Dr. Cannistraci is a theoretical engineer and computational innovator. He is a Professor in the Tsinghua Laboratory of Brain and Intelligence (THBI) and an adjunct professor in the Department of Computer Science and in the Department of Biomedical Engineering at Tsinghua University. He directs the Center for Complex Network Intelligence (CCNI) in THBI, which seeks to create pioneering algorithms at the interface between information science, physics of complex systems, complex networks and machine intelligence, with a particular focus in brain/life-inspired computing for big data analysis. These computational methods are often applied to precision biomedicine, neuroscience, social and economic science.
His area of research embraces information theory, machine learning and physics of complex systems and networks including also applications in systems biomedicine and neuroscience.
I will present our research at the Center for Complex Network Intelligence (CCNI) that I recently established in the Tsinghua Laboratory of Brain and Intelligence at the Tsinghua University in Beijing.
We adopt a transdisciplinary approach integrating information theory, machine learning and network science to investigate the physics of adaptive complex networked systems at different scales, from molecules to ecological and social systems, with a particular attention to biology and medicine, and a new emerging interest for the analysis of complex big data in social and economic science. Our theoretical effort is to translate advanced mathematical paradigms typically adopted in theoretical physics (such as topology, network and manifold theory) to characterize many-body interactions in complex systems.
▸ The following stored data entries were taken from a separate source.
lemma bias_ineq_of_taylor_bounds:
  fixes e m Q :: real
  assumes "0 < e" "1 \<le> m" "m * (m - 1) * e \<le> 1"
    and "1 - m * e \<le> Q" "Q \<le> 1 - m * e + m * (m - 1) / 2 * e^2"
  shows "e * (1 - Q) / 2 \<le> 2 * (1 - Q) - e * m * (1 + Q)"
proof -
  have "2 - e*m - (1 - m*e + m*(m - 1)/2*e^2) * (2 + e*m) \<le> 2 - e*m - Q * (2 + e*m)"
    using assms by (intro diff_mono mult_right_mono) auto
  also have "\<dots> = 2 * (1 - Q) - e * m * (1 + Q)"
    by (simp add: algebra_simps)
  finally have upper: "2 - e*m - (1 - m*e + m*(m - 1)/2*e^2) * (2 + e*m) \<le> 2 * (1 - Q) - e * m * (1 + Q)" .
  have "2 - e*m - (1 - m*e + m*(m - 1)/2*e^2) * (2 + e*m) = m*e^2 * (1 - m*(m - 1)*e/2)"
    by (simp add: field_simps power2_eq_square)
  moreover have "m*e^2 * (1/2) \<le> m*e^2 * (1 - m*(m - 1)*e/2)"
    using assms by (intro mult_left_mono) auto
  moreover have "e * (1 - Q) \<le> e * (m * e)"
    using assms by (intro mult_left_mono) auto
  then have "e * (1 - Q) / 2 \<le> m*e^2 * (1/2)"
    by (simp add: power2_eq_square algebra_simps)
  ultimately show ?thesis
    using upper by linarith
qed

text \<open>The fixed point of the averaged epoch map lies at least \<open>\<eta> G / 8\<close> to the right of the
  minimizer \<open>- G / (4 \<lambda>)\<close>.\<close>
lemma hard_component_bias_ge:
  fixes m :: nat
  assumes "0 < lam" "0 < G" "0 < eta" "0 < m" "eta \<le> 1 / (400 * lam * real m^2)"
  defines "Q \<equiv> (1 - 2*eta*lam)^m"
  shows "eta*G/8 \<le> G/(4*lam) - eta*G*m*(1 + Q) / (4*(1 - Q))"
proof -
  define e where "e = 2*eta*lam"
  have e_pos: "0 < e" using assms by (simp add: e_def)
  have e_bound: "e * (200 * real m^2) \<le> 1"
    using assms by (simp add: e_def field_simps)
  have "e * 200 \<le> e * (200 * real m^2)"
    using e_pos \<open>0 < m\<close> by simp
  then have e_le: "e \<le> 1/200"
    using e_bound by linarith
  have "real m * (real m - 1) * e \<le> e * (200 * real m^2)"
    using e_pos \<open>0 < m\<close> by (simp add: power2_eq_square algebra_simps)
  then have "real m * (real m - 1) * e \<le> 1"
    using e_bound by linarith
  moreover have "1 - real m * e \<le> Q" "Q \<le> 1 - real m * e + real m * (real m - 1) / 2 * e^2"
    using Bernoulli_inequality[of "-e" m] one_minus_power_le[of e m] e_pos e_le
    by (simp_all add: Q_def e_def)
  ultimately have bias: "e * (1 - Q) / 2 \<le> 2 * (1 - Q) - e * m * (1 + Q)"
    using bias_ineq_of_taylor_bounds e_pos \<open>0 < m\<close> by simp
  have "Q < 1"
    unfolding Q_def using e_pos e_le \<open>0 < m\<close> by (simp add: power_less_one_iff e_def)
  have "G/(4*lam) - eta*G*m*(1 + Q) / (4*(1 - Q)) - eta*G/8
      = G/(8*lam*(1 - Q)) * (2*(1 - Q) - e*m*(1 + Q) - e*(1 - Q)/2)"
    using \<open>Q < 1\<close> \<open>0 < lam\<close> by (simp add: e_def field_simps)
  moreover have "0 \<le> G/(8*lam*(1 - Q)) * (2*(1 - Q) - e*m*(1 + Q) - e*(1 - Q)/2)"
    using bias \<open>Q < 1\<close> assms by (intro mult_nonneg_nonneg) auto
  ultimately show ?thesis by linarith
qed

lemma sum_sgd_rr_hard_component_ge:
  assumes n: "n = 2*m" and "0 < m" "0 < lam" "0 < G" "0 < eta" "2*eta*lam \<le> 1"
  defines "Q \<equiv> (1 - 2*eta*lam)^m"
  shows "real (card (perm_seqs n k)) * (Q^k + (1 - Q^k) * (G/(4*lam) - eta*G*m*(1 + Q) / (4*(1 - Q))))
    \<le> (\<Sum>ps\<in>perm_seqs n k. sgd_rr n (hard_component m lam G) eta ps (- G/(4*lam) + 1) k + G/(4*lam))"
proof -
  define q where "q = 1 - 2*eta*lam"
  define c where "c \<sigma> = - (eta*G/2) * shift_weight q (map (\<lambda>j. \<sigma> j < m) [0..<n])" for \<sigma> :: "nat \<Rightarrow> nat"
  define C where "C = - (eta*G/2) * m * (1 + Q) / 2"
  have "0 \<le> q" "q \<le> 1" "Q = q^m"
    using assms by (simp_all add: q_def Q_def)
  have "2 * C \<le> c \<sigma> + c (reverse_perm n \<sigma>)" if "\<sigma> permutes {..<n}" for \<sigma>
  proof -
    have "- (eta*G/2) * (real m * (1 + Q))
        \<le> - (eta*G/2) * (shift_weight q (map (\<lambda>j. \<sigma> j < m) [0..<n])
          + shift_weight q (map (\<lambda>j. reverse_perm n \<sigma> j < m) [0..<n]))"
      using shift_weight_reverse_perm_le[OF n that \<open>0 \<le> q\<close> \<open>q \<le> 1\<close>] assms
      by (intro mult_left_mono_neg) (auto simp: \<open>Q = q^m\<close>)
    then show ?thesis
      by (simp add: c_def C_def algebra_simps)
  qed
  moreover have "sgd_epoch n (hard_component m lam G) eta \<sigma> x = Q * x + c \<sigma>" if "\<sigma> permutes {..<n}" for \<sigma> x
    using sgd_epoch_hard_component[OF n that] by (simp add: c_def q_def Q_def)
  ultimately have mean: "real (card (perm_seqs n k)) * (Q^k * (- G/(4*lam) + 1) + C * (\<Sum>s<k. Q^s))
      \<le> (\<Sum>ps\<in>perm_seqs n k. sgd_rr n (hard_component m lam G) eta ps (- G/(4*lam) + 1) k)"
    using \<open>0 \<le> q\<close> permutes_reverse_perm reverse_perm_reverse_perm
    by (intro sum_sgd_rr_ge[where \<rho>="reverse_perm n"]) (auto simp: \<open>Q = q^m\<close>)
  have "Q < 1"
    using assms \<open>0 \<le> q\<close> by (simp add: \<open>Q = q^m\<close> power_less_one_iff q_def)
  then have geometric: "Q^k * (- G/(4*lam) + 1) + C * (\<Sum>s<k. Q^s) + G/(4*lam)
      = Q^k + (1 - Q^k) * (G/(4*lam) - eta*G*m*(1 + Q) / (4*(1 - Q)))"
    using \<open>0 < lam\<close> by (simp add: sum_gp_strict C_def field_simps)
  show ?thesis
    unfolding geometric[symmetric] sum.distrib using mean by (simp add: algebra_simps)
qed

text \<open>Either the initial distance has not yet been contracted (\<open>Q\<^sub>k \<ge> 1/2\<close>), or the step size
  is large, \<open>\<eta> \<ge> 1 / (4 \<lambda> m k)\<close>, and so is the bias \<open>d \<ge> \<eta> G / 8\<close>.\<close>
lemma min_le_half_lam_square:
  fixes lam G eta m k Qk d :: real
  assumes "0 < lam" "0 < G" "0 < eta" "1 \<le> m" "1 \<le> k" "0 \<le> Qk" "Qk \<le> 1"
    and "1 - 2*eta*lam*m*k \<le> Qk" "eta*G/8 \<le> d"
  shows "1/2048 * min lam (G^2 / (lam * (2*m*k)^2)) \<le> lam/2 * (Qk + (1 - Qk) * d)^2"
proof -
  let ?T = "Qk + (1 - Qk) * d"
  have "0 < eta*G/8" using assms by simp
  then have "0 \<le> d" using assms by linarith
  show ?thesis
  proof (cases "1/2 \<le> Qk")
    case True
    have "0 \<le> (1 - Qk) * d" using \<open>0 \<le> d\<close> assms by simp
    then have "1/2 \<le> ?T" using True by linarith
    then have "(1/2)^2 \<le> ?T^2" by (intro power_mono) auto
    then have "lam/2 * (1/2)^2 \<le> lam/2 * ?T^2" using assms by (intro mult_left_mono) auto
    then have "lam/8 \<le> lam/2 * ?T^2" by (simp add: power2_eq_square)
    moreover have "min lam (G^2 / (lam * (2*m*k)^2)) \<le> lam" by simp
    ultimately show ?thesis using assms(1) by linarith
  next
    case False
    define z where "z = G / (64*lam*m*k)"
    have "0 < m*k" using assms by simp
    have "1 < eta * (4*lam*m*k)" using False assms by (simp add: algebra_simps)
    then have "1 / (4*lam*m*k) < eta" using assms \<open>0 < m*k\<close> by (simp add: field_simps)
    then have "G/8 * (1 / (4*lam*m*k)) \<le> G/8 * eta" using assms by (intro mult_left_mono) auto
    moreover have "2*z = G/8 * (1 / (4*lam*m*k))" "G/8 * eta = eta*G/8" by (simp_all add: z_def field_simps)
    ultimately have "2*z \<le> d" using assms by linarith
    moreover have "0 \<le> z" using assms by (simp add: z_def)
    moreover have "(1/2) * d \<le> (1 - Qk) * d" using False \<open>0 \<le> d\<close> by (intro mult_right_mono) auto
    ultimately have "z^2 \<le> ?T^2" using assms by (intro power_mono) auto
    then have "lam/2 * z^2 \<le> lam/2 * ?T^2" using assms by (intro mult_left_mono) auto
    moreover have "lam/2 * z^2 = 1/2048 * (G^2 / (lam * (2*m*k)^2))"
      using assms by (simp add: z_def field_simps power2_eq_square)
    moreover have "min lam (G^2 / (lam * (2*m*k)^2)) \<le> G^2 / (lam * (2*m*k)^2)" by simp
    ultimately show ?thesis by linarith
  qed
qed

lemma expectation_gap_hard_component_ge:
  fixes m k :: nat
  assumes n: "n = 2*m" and "0 < m" "0 < k" "0 < lam" "0 < G" "0 < eta"
    and eta: "eta \<le> 1 / (100 * lam * real n^2)"
  defines "f \<equiv> hard_component m lam G"
  shows "1/2048 * min lam (G^2 / (lam * (real n * real k)^2))
    \<le> measure_pmf.expectation (perm_seq_pmf n k)
         (\<lambda>ps. avg_fun n f (sgd_rr n f eta ps (- G/(4*lam) + 1) k) - (INF x. avg_fun n f x))"
proof -
  define Q where "Q = (1 - 2*eta*lam)^m"
  define d where "d = G/(4*lam) - eta*G*m*(1 + Q) / (4*(1 - Q))"
  define T where "T = Q^k + (1 - Q^k) * d"
  define Y where "Y ps = sgd_rr n f eta ps (- G/(4*lam) + 1) k + G/(4*lam)" for ps
  have eta': "eta \<le> 1 / (400 * lam * real m^2)"
    using eta by (simp add: n field_simps power2_eq_square)
  have "1 \<le> real m^2" using \<open>0 < m\<close> by (simp add: one_le_power)
  then have "2 \<le> 400 * real m^2" by linarith
  then have "eta*lam * 2 \<le> eta*lam * (400 * real m^2)"
    by (rule mult_left_mono) (use assms in auto)
  moreover have "eta*lam * (400 * real m^2) \<le> 1"
    using eta' assms \<open>0 < m\<close> by (simp add: field_simps)
  ultimately have "2*eta*lam \<le> 1" by (simp add: algebra_simps)
  have "0 \<le> Q" "Q \<le> 1" using \<open>2*eta*lam \<le> 1\<close> assms by (simp_all add: Q_def power_le_one)
  have Qk_lower: "1 - real (m*k) * (2*eta*lam) \<le> Q^k"
    using Bernoulli_inequality[of "-2*eta*lam" "m*k"] \<open>2*eta*lam \<le> 1\<close>
    by (simp add: Q_def power_mult)
  have bias: "eta*G/8 \<le> d"
    unfolding d_def Q_def using hard_component_bias_ge[OF assms(4,5,6,2) eta'] .
  have bound: "1/2048 * min lam (G^2 / (lam * (2*real m*real k)^2)) \<le> lam/2 * T^2"
    unfolding T_def using assms \<open>0 \<le> Q\<close> \<open>Q \<le> 1\<close> Qk_lower bias
    by (intro min_le_half_lam_square) (auto simp: power_le_one algebra_simps)
  have "0 \<le> eta*G/8" using assms by simp
  then have "0 \<le> T"
    unfolding T_def using bias \<open>0 \<le> Q\<close> \<open>Q \<le> 1\<close> by (simp add: power_le_one)
  have "real (card (perm_seqs n k)) * T \<le> sum Y (perm_seqs n k)"
    unfolding T_def d_def Q_def Y_def f_def
    using sum_sgd_rr_hard_component_ge[OF n \<open>0 < m\<close> assms(4,5,6) \<open>2*eta*lam \<le> 1\<close>] .
  then have "real (card (perm_seqs n k)) * T^2 \<le> (\<Sum>ps\<in>perm_seqs n k. (Y ps)^2)"
    using \<open>0 \<le> T\<close> by (rule sum_squares_ge_of_sum_ge)
  then have "T^2 \<le> (\<Sum>ps\<in>perm_seqs n k. (Y ps)^2) / card (perm_seqs n k)"
    using card_perm_seqs_pos[of n k] by (simp add: pos_le_divide_eq mult.commute)
  then have "lam/2 * T^2 \<le> lam/2 * ((\<Sum>ps\<in>perm_seqs n k. (Y ps)^2) / card (perm_seqs n k))"
    using \<open>0 < lam\<close> by (intro mult_left_mono) auto
  also have "\<dots> = measure_pmf.expectation (perm_seq_pmf n k)
      (\<lambda>ps. avg_fun n f (sgd_rr n f eta ps (- G/(4*lam) + 1) k) - (INF x. avg_fun n f x))"
  proof -
    note F_eq = avg_fun_hard_component_eq[OF n \<open>0 < m\<close> \<open>0 < lam\<close>, of G]
    have gap: "avg_fun n f x - (INF x. avg_fun n f x) = lam/2 * (x + G/(4*lam))^2" for x
      using F_eq[of x] INF_quadratic[OF F_eq \<open>0 < lam\<close>] by (simp add: f_def)
    show ?thesis
      unfolding expectation_perm_seq_pmf gap Y_def sum_distrib_left[symmetric] by simp
  qed
  finally show ?thesis
    using bound by (simp add: n)
qed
We apply the theoretical frameworks we invent in the mission to develop computational tools for machine intelligent systems and network analysis. We deal with: prediction of wiring in networks, sparse deep learning, network geometry and multiscale-combinatorial marker design for quantification of topological modifications in complex networks.
This talk will focus on two main theoretical innovation.
Firstly, the development of machine learning and computational solutions for network geometry, topological estimation of nonlinear relations in high-dimensional data (or in complex networks) and its relevance for applications in big data, with a particular emphasis on brain connectome analysis.
Secondly, we will discuss the Local Community Paradigm (LCP) and its recent extension to the Cannistraci-Hebb network automata, which are brain-inspired theories proposed to model local-topology-dependent link-growth in complex networks and therefore are useful to devise topological methods for link prediction in sparse deep learning, or monopartite and bipartite networks, such as molecular drug-target interactions and product-consumer networks.